A real common question from muskie anglers is: “What do I do when I’ve located a big one?” Of course questions on triggering and wondering why figure eights didn’t work are common too. The hard thing for folks like me, is that there really are no certain answers. I’ve certainly never figured out how to catch ’em all. All that can honestly be offered for consumption – are things that have worked for us before at times. If you’ve located any muskie, and especially if so – a big one – you’ve accomplished quite a bit, actually.
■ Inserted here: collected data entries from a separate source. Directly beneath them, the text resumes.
(* Let $(V^n,g)$ be a Euclidean vector space, $\mathfrak{g}\subseteq\mathfrak{so}(V)$ a Lie subalgebra and $T\in\Lambda^3V\cap(\Lambda^1V\otimes\mathfrak{g})$. Define $R^T(X,Y)=[T_X,T_Y]+2T_{T_XY}$ and $\Omega^T=\frac12\sum_{i}T_{e_i}\wedge T_{e_i}\in\Lambda^4V$. Then: (i) $R^T\in\mathcal{K}(\mathfrak{g},V)$; (ii) $\Omega^T\in\Lambda^4V\cap(\Lambda^2V\otimes\mathfrak{g})$; (iii) $R^T=0$ if and only if $T=0$; (iv) if moreover $(\mathfrak{g},V)$ is irreducible and $\dim\mathcal{K}(\mathfrak{g},V)=1$, then $\langle X\lrcorner T,Y\lrcorner T\rangle=\frac3n|T|^2\langle X,Y\rangle$ for all $X,Y\in V$.
   Context: $\Lambda^2V$ is identified with $\mathfrak{so}(V)$ via $F\mapsto g(F\cdot,\cdot)$, with the standard inner product on forms ($e_{i_1}\wedge\dots\wedge e_{i_p}$, $i_1<\dots<i_p$, orthonormal). For $T\in\Lambda^3V$, $T_X\in\mathfrak{so}(V)$ is defined by $g(T_X\cdot,\cdot)=X\lrcorner T$; $\{e_i\}$ is an orthonormal basis. $\Lambda^3V\cap(\Lambda^1V\otimes\mathfrak{g})=\{T\in\Lambda^3V:X\lrcorner T\in\mathfrak{g}\ \forall X\}$ and $\Lambda^4V\cap(\Lambda^2V\otimes\mathfrak{g})=\{\beta\in\Lambda^4V:X\lrcorner Y\lrcorner\beta\in\mathfrak{g}\ \forall X,Y\}$. $\mathcal{K}(\mathfrak{g},V)$ is the space of $R\in\Lambda^2V\otimes\Lambda^2V$ with $R(X,Y)\in\mathfrak{g}$ for all $X,Y$ satisfying the first Bianchi identity $\sum_ie_i\wedge R(e_i,X)=0$ for all $X$. *)

theory Defs
  imports "HOL-Analysis.Analysis"
begin

text \<open>V = real^'n with the standard (orthonormal) basis e i = axis i 1;
  n = CARD('n).  so(V) = skew-symmetric matrices real^'n^'n (acting by *v).
  A 2-form F is identified with the matrix M in so(V) such that F(Y,Z) = (M *v Y) \<bullet> Z.
  p-forms for p = 3,4 are stored by their components on the basis (alternating arrays).\<close>

definition e :: "'n::finite \<Rightarrow> real^'n" where
  "e i = axis i 1"

definition f2 :: "real^'n^'n \<Rightarrow> real^'n \<Rightarrow> real^'n \<Rightarrow> real" where
  "f2 M Y Z = (M *v Y) \<bullet> Z"

definition skew :: "real^'n^'n \<Rightarrow> bool" where
  "skew M \<longleftrightarrow> transpose M = - M"

definition lie_subalgebra_so :: "(real^'n^'n) set \<Rightarrow> bool" where
  "lie_subalgebra_so g \<longleftrightarrow> subspace g \<and> (\<forall>A\<in>g. skew A) \<and>
     (\<forall>A\<in>g. \<forall>B\<in>g. A ** B - B ** A \<in> g)"

text \<open>Lambda^3 V: alternating arrays T \$ i \$ j \$ k = T(e_i,e_j,e_k)\<close>
definition alt3 :: "real^'n^'n^'n \<Rightarrow> bool" where
  "alt3 T \<longleftrightarrow> (\<forall>i j k. T$j$i$k = - T$i$j$k \<and> T$i$k$j = - T$i$j$k)"

definition alt4 :: "real^'n^'n^'n^'n \<Rightarrow> bool" where
  "alt4 B \<longleftrightarrow> (\<forall>a b c d. B$b$a$c$d = - B$a$b$c$d \<and> B$a$c$b$d = - B$a$b$c$d
                          \<and> B$a$b$d$c = - B$a$b$c$d)"

text \<open>T_X in so(V): g(T_X Y, Z) = (X \<lrcorner> T)(Y,Z) = T(X,Y,Z)\<close>
definition Tx :: "real^'n^'n^'n \<Rightarrow> real^'n \<Rightarrow> real^'n^'n" where
  "Tx T X = (\<chi> k j. \<Sum>i\<in>UNIV. X$i * T$i$j$k)"

definition L3g :: "(real^'n^'n) set \<Rightarrow> (real^'n^'n^'n) set" where
  "L3g g = {T. alt3 T \<and> (\<forall>X. Tx T X \<in> g)}"

text \<open>X \<lrcorner> Y \<lrcorner> \<beta> for a 4-form, as an element of so(V):
  (X \<lrcorner> (Y \<lrcorner> \<beta>))(v,w) = \<beta>(Y,X,v,w)\<close>
definition ins2 :: "real^'n^'n^'n^'n \<Rightarrow> real^'n \<Rightarrow> real^'n \<Rightarrow> real^'n^'n" where
  "ins2 B X Y = (\<chi> k j. \<Sum>a\<in>UNIV. \<Sum>b\<in>UNIV. Y$a * X$b * B$a$b$j$k)"

definition L4g :: "(real^'n^'n) set \<Rightarrow> (real^'n^'n^'n^'n) set" where
  "L4g g = {B. alt4 B \<and> (\<forall>X Y. ins2 B X Y \<in> g)}"

text \<open>Lambda^2 V \<otimes> Lambda^2 V: R \$ i \$ j = R(e_i,e_j) \<in> so(V) = Lambda^2 V\<close>
definition L2L2 :: "real^'n^'n^'n^'n \<Rightarrow> bool" where
  "L2L2 R \<longleftrightarrow> (\<forall>i j. R$j$i = - R$i$j) \<and> (\<forall>i j. skew (R$i$j))"

definition Rapp :: "real^'n^'n^'n^'n \<Rightarrow> real^'n \<Rightarrow> real^'n \<Rightarrow> real^'n^'n" where
  "Rapp R X Y = (\<Sum>i\<in>UNIV. \<Sum>j\<in>UNIV. (X$i * Y$j) *\<^sub>R R$i$j)"

text \<open>wedge of a 1-form (vector a, via g) with a 2-form (matrix M); result a 3-form\<close>
definition wedge12 :: "real^'n \<Rightarrow> real^'n^'n \<Rightarrow> real^'n^'n^'n" where
  "wedge12 a M = (\<chi> i j k. a$i * f2 M (e j) (e k) - a$j * f2 M (e i) (e k)
                             + a$k * f2 M (e i) (e j))"

text \<open>wedge of two 2-forms; result a 4-form (determinant convention,
  e_1\<and>e_2\<and>e_3\<and>e_4 evaluates to 1 on (e_1,e_2,e_3,e_4))\<close>
definition wedge22 :: "real^'n^'n \<Rightarrow> real^'n^'n \<Rightarrow> real^'n^'n^'n^'n" where
  "wedge22 M N = (\<chi> a b c d.
      f2 M (e a) (e b) * f2 N (e c) (e d) - f2 M (e a) (e c) * f2 N (e b) (e d)
    + f2 M (e a) (e d) * f2 N (e b) (e c) + f2 M (e b) (e c) * f2 N (e a) (e d)
    - f2 M (e b) (e d) * f2 N (e a) (e c) + f2 M (e c) (e d) * f2 N (e a) (e b))"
And to be honest, some of the success that you are likely to experience later because of it, often, isn’t with the same fish you originally located. (It’s easy to learn not to let that bother you.) There is no doubt at all, that rumors of muskies strictly being loners is false. A good feeding area is a good feeding area – and they don’t necessarily take turns. It’s a good spot. When a big fish follows but doesn’t trigger, there are several things to try, and to a certain extent, it depends on the amount of fishing pressure on the water. A fish that followed and didn’t hit is tough to trigger. Each additional time it follows and doesn’t hit… it generally gets tougher.
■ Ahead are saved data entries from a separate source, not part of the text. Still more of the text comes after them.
(* For every integer $n\ge 1$, $r(2,n)=(2^n+1)(2^{n-1}+1)/3$.
   Context: For $n\ge 1$, $r(2,n)$ denotes the number of orbits of the left action of $\mathrm{SL}(2,\mathbb{Z})$ on $(\mathbb{Z}_2\times\mathbb{Z}_2)^n$, where elements of $(\mathbb{Z}_2\times\mathbb{Z}_2)^n$ are viewed as $2\times n$ matrices over $\mathbb{Z}_2$ and a matrix in $\mathrm{SL}(2,\mathbb{Z})$ acts by left matrix multiplication with entries reduced modulo $2$. *)

theory Defs
  imports Complex_Main
begin

text \<open>Elements of (Z_2 x Z_2)^n viewed as 2 x n matrices over Z_2:
  functions M :: nat => nat => int with entries in {0,1} at positions (i,j), i<2, j<n,
  and 0 outside (extensional representation).\<close>
definition Z2mats :: "nat \<Rightarrow> (nat \<Rightarrow> nat \<Rightarrow> int) set" where
  "Z2mats n = {M. (\<forall>i j. i < 2 \<and> j < n \<longrightarrow> M i j \<in> {0, 1})
                 \<and> (\<forall>i j. \<not> (i < 2 \<and> j < n) \<longrightarrow> M i j = 0)}"

definition SL2Z :: "(nat \<Rightarrow> nat \<Rightarrow> int) set" where
  "SL2Z = {g. g 0 0 * g 1 1 - g 0 1 * g 1 0 = 1
              \<and> (\<forall>i j. \<not> (i < 2 \<and> j < 2) \<longrightarrow> g i j = 0)}"

definition act :: "nat \<Rightarrow> (nat \<Rightarrow> nat \<Rightarrow> int) \<Rightarrow> (nat \<Rightarrow> nat \<Rightarrow> int) \<Rightarrow> (nat \<Rightarrow> nat \<Rightarrow> int)" where
  "act n g M = (\<lambda>i j. if i < 2 \<and> j < n then (\<Sum>k<2. g i k * M k j) mod 2 else 0)"

definition orbit_rel :: "nat \<Rightarrow> ((nat \<Rightarrow> nat \<Rightarrow> int) \<times> (nat \<Rightarrow> nat \<Rightarrow> int)) set" where
  "orbit_rel n = {(M, N). M \<in> Z2mats n \<and> N \<in> Z2mats n \<and> (\<exists>g \<in> SL2Z. act n g M = N)}"

definition r2 :: "nat \<Rightarrow> nat" where
  "r2 n = card (Z2mats n // orbit_rel n)"

end

theory Submission
  imports Defs "HOL-Algebra.Group_Action"
begin

text \<open>Since a matrix acts on each column of \<open>M\<close> separately and only through its entries modulo 2,
  the action of \<open>SL(2,\<int>)\<close> factors through its reduction \<open>SL(2,\<int>) \<rightarrow> GL(2,\<int>\<^sub>2)\<close>, which is onto.
  By Burnside's lemma the number of orbits is the average number of fixed points of the six
  elements of \<open>GL(2,\<int>\<^sub>2)\<close>. A matrix fixes \<open>M\<close> iff it fixes every column, so it has
  \<open>f\<^sup>n\<close> fixed points where \<open>f\<close> is the number of its fixed vectors in \<open>\<int>\<^sub>2\<^sup>2\<close>: the identity fixes
  4 vectors, the three involutions 2 each and the two elements of order 3 only the zero vector.
  Hence \<open>r(2,n) = (4\<^sup>n + 3\<cdot>2\<^sup>n + 2)/6 = (2\<^sup>n + 1)(2\<^sup>n + 2)/6\<close>.\<close>

definition mat2 :: "int \<Rightarrow> int \<Rightarrow> int \<Rightarrow> int \<Rightarrow> (nat \<Rightarrow> nat \<Rightarrow> int)" where
  "mat2 a b c d = (\<lambda>i j. if i = 0 \<and> j = 0 then a else if i = 0 \<and> j = 1 then b
                        else if i = 1 \<and> j = 0 then c else if i = 1 \<and> j = 1 then d else 0)"

lemma mat2_simps [simp]:
  "mat2 a b c d 0 0 = a" "mat2 a b c d 0 1 = b" "mat2 a b c d 1 0 = c" "mat2 a b c d 1 1 = d"
  "mat2 a b c d 0 (Suc 0) = b" "mat2 a b c d (Suc 0) 0 = c" "mat2 a b c d (Suc 0) (Suc 0) = d"
  by (simp_all add: mat2_def)

lemma mat2_eq_iff [simp]:
  "mat2 a b c d = mat2 a' b' c' d' \<longleftrightarrow> a = a' \<and> b = b' \<and> c = c' \<and> d = d'"
proof
  assume "mat2 a b c d = mat2 a' b' c' d'"
  then have "mat2 a b c d i j = mat2 a' b' c' d' i j" for i j
    by simp
  from this[of 0 0] this[of 0 1] this[of 1 0] this[of 1 1]
  show "a = a' \<and> b = b' \<and> c = c' \<and> d = d'"
    by simp
qed simp

definition mult_mod2 :: "(nat \<Rightarrow> nat \<Rightarrow> int) \<Rightarrow> (nat \<Rightarrow> nat \<Rightarrow> int) \<Rightarrow> (nat \<Rightarrow> nat \<Rightarrow> int)" where
  "mult_mod2 g h = (\<lambda>i j. if i < 2 \<and> j < 2 then (\<Sum>k<2. g i k * h k j) mod 2 else 0)"

lemma sum_lessThan_2: "(\<Sum>k<(2::nat). f k) = f 0 + (f 1 :: int)"
  by (simp add: numeral_2_eq_2)

lemma mult_mod2_mat2:
  "mult_mod2 (mat2 a b c d) (mat2 e f g h)
     = mat2 ((a*e + b*g) mod 2) ((a*f + b*h) mod 2) ((c*e + d*g) mod 2) ((c*f + d*h) mod 2)"
proof (intro ext)
  fix i j :: nat
  have "i = 0 \<or> i = 1 \<or> i \<ge> 2" "j = 0 \<or> j = 1 \<or> j \<ge> 2" by auto
  then show "mult_mod2 (mat2 a b c d) (mat2 e f g h) i j
      = mat2 ((a*e + b*g) mod 2) ((a*f + b*h) mod 2) ((c*e + d*g) mod 2) ((c*f + d*h) mod 2) i j"
    by (elim disjE) (simp_all add: mult_mod2_def mat2_def sum_lessThan_2)
qed

lemma mod2_linear_combination:
  "((a :: int) * (x mod 2) + b * (y mod 2)) mod 2 = (a*x + b*y) mod 2"
  "((x :: int) mod 2 * a + y mod 2 * b) mod 2 = (x*a + y*b) mod 2"
  by (rule mod_add_cong; simp add: mod_mult_right_eq mod_mult_left_eq)+

lemma mod2_product_assoc:
  "((g0 :: int) * ((h00*m0 + h01*m1) mod 2) + g1 * ((h10*m0 + h11*m1) mod 2)) mod 2
     = (((g0*h00 + g1*h10) mod 2) * m0 + ((g0*h01 + g1*h11) mod 2) * m1) mod 2"
proof -
  have "(g0 * ((h00*m0 + h01*m1) mod 2) + g1 * ((h10*m0 + h11*m1) mod 2)) mod 2
      = (g0 * (h00*m0 + h01*m1) + g1 * (h10*m0 + h11*m1)) mod 2"
    by (rule mod2_linear_combination(1))
  also have "\<dots> = ((g0*h00 + g1*h10) * m0 + (g0*h01 + g1*h11) * m1) mod 2"
    by (simp add: algebra_simps)
  also have "\<dots> = (((g0*h00 + g1*h10) mod 2) * m0 + ((g0*h01 + g1*h11) mod 2) * m1) mod 2"
    by (rule mod2_linear_combination(2)[symmetric])
  finally show ?thesis .
qed

lemma mult_mod2_assoc: "mult_mod2 (mult_mod2 x y) z = mult_mod2 x (mult_mod2 y z)"
proof (intro ext)
  fix i j :: nat
  show "mult_mod2 (mult_mod2 x y) z i j = mult_mod2 x (mult_mod2 y z) i j"
  proof (cases "i < 2 \<and> j < 2")
    case True
    then show ?thesis
      unfolding mult_mod2_def
      by (simp only: sum_lessThan_2 if_True simp_thms zero_less_numeral one_less_numeral_iff
          semiring_norm mod2_product_assoc)
  qed (auto simp add: mult_mod2_def)
qed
I know of success stories from repeated badgering… not moving on at all… just continuing to cast at the same spot. It works sometimes, especially with fish located in thick weeds. I prefer the return method though, whenever there isn’t a lot of competition from other anglers. Try to avoid putting another bait in front of it. Move on. Come back on any weather change, wind-direction change and or light-level change; anything different. Also, at times fish activity just seems to pick up for no apparent reason. Get back there! If possible, change the angle that you approach the fish from as well. Most likely, there was something the fish liked about the presentation it followed; normally, I won’t go for “too” much change in that department. I’ve had a lot of success with keeping the same lure type, and maybe tweaking color or size a bit.